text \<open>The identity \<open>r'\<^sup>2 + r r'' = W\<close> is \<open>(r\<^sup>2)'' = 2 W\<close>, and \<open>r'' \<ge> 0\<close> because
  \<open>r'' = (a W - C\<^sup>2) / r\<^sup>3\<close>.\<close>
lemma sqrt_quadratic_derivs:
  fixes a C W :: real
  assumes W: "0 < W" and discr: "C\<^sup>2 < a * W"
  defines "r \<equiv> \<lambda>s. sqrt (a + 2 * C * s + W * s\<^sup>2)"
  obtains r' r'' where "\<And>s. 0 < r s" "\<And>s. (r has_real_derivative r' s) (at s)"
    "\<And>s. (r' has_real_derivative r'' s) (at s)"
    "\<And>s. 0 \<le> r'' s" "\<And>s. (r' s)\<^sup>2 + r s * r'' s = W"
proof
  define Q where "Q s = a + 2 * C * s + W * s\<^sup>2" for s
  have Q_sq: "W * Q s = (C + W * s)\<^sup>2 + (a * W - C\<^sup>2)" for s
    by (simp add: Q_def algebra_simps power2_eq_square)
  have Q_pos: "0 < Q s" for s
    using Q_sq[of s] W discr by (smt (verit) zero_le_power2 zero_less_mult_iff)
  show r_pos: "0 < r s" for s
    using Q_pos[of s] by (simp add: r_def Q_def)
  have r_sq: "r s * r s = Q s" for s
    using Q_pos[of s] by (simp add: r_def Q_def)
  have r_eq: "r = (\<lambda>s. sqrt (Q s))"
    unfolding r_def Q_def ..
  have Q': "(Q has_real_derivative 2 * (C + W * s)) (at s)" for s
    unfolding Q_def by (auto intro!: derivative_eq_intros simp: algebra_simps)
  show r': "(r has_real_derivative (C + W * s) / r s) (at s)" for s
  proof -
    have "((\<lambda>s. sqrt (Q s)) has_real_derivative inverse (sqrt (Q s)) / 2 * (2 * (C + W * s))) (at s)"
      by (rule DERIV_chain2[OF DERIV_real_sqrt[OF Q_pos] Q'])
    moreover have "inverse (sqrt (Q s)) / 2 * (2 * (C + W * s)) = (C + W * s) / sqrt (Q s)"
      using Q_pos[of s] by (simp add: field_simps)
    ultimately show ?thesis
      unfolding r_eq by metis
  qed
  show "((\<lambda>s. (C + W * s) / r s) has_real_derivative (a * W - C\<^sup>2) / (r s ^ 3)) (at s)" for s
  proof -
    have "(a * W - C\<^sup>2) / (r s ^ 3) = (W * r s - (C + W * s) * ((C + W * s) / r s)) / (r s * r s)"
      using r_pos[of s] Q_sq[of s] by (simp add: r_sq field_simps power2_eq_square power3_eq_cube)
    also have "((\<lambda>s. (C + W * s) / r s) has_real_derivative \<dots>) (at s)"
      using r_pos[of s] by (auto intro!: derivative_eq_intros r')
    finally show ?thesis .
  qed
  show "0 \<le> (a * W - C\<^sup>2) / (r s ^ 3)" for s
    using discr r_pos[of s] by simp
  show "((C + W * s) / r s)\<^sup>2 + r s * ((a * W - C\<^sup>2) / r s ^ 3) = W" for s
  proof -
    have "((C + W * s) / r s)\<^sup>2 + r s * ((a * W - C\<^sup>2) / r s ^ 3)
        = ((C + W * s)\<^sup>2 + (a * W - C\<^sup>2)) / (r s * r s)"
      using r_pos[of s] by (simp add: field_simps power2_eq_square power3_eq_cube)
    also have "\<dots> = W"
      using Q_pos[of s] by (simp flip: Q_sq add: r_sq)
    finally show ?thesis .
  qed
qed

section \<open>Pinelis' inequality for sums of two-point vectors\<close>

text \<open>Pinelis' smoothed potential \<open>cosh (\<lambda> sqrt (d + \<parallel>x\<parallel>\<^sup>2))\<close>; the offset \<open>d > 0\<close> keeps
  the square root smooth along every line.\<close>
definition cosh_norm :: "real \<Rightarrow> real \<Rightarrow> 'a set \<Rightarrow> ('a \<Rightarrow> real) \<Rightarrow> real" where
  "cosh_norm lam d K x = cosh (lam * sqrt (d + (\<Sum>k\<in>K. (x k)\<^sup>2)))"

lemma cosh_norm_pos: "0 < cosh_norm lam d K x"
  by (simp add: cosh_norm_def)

● **Task item**: Using the data above, reproduce exactly the lines from the line that contains "(Q s)) has_real_derivative" through the line that contains "using r_pos[of s] Q_sq[of", including both.

● **Exercise result**:
    have "((\<lambda>s. sqrt (Q s)) has_real_derivative inverse (sqrt (Q s)) / 2 * (2 * (C + W * s))) (at s)"
      by (rule DERIV_chain2[OF DERIV_real_sqrt[OF Q_pos] Q'])
    moreover have "inverse (sqrt (Q s)) / 2 * (2 * (C + W * s)) = (C + W * s) / sqrt (Q s)"
      using Q_pos[of s] by (simp add: field_simps)
    ultimately show ?thesis
      unfolding r_eq by metis
  qed
  show "((\<lambda>s. (C + W * s) / r s) has_real_derivative (a * W - C\<^sup>2) / (r s ^ 3)) (at s)" for s
  proof -
    have "(a * W - C\<^sup>2) / (r s ^ 3) = (W * r s - (C + W * s) * ((C + W * s) / r s)) / (r s * r s)"
      using r_pos[of s] Q_sq[of s] by (simp add: r_sq field_simps power2_eq_square power3_eq_cube)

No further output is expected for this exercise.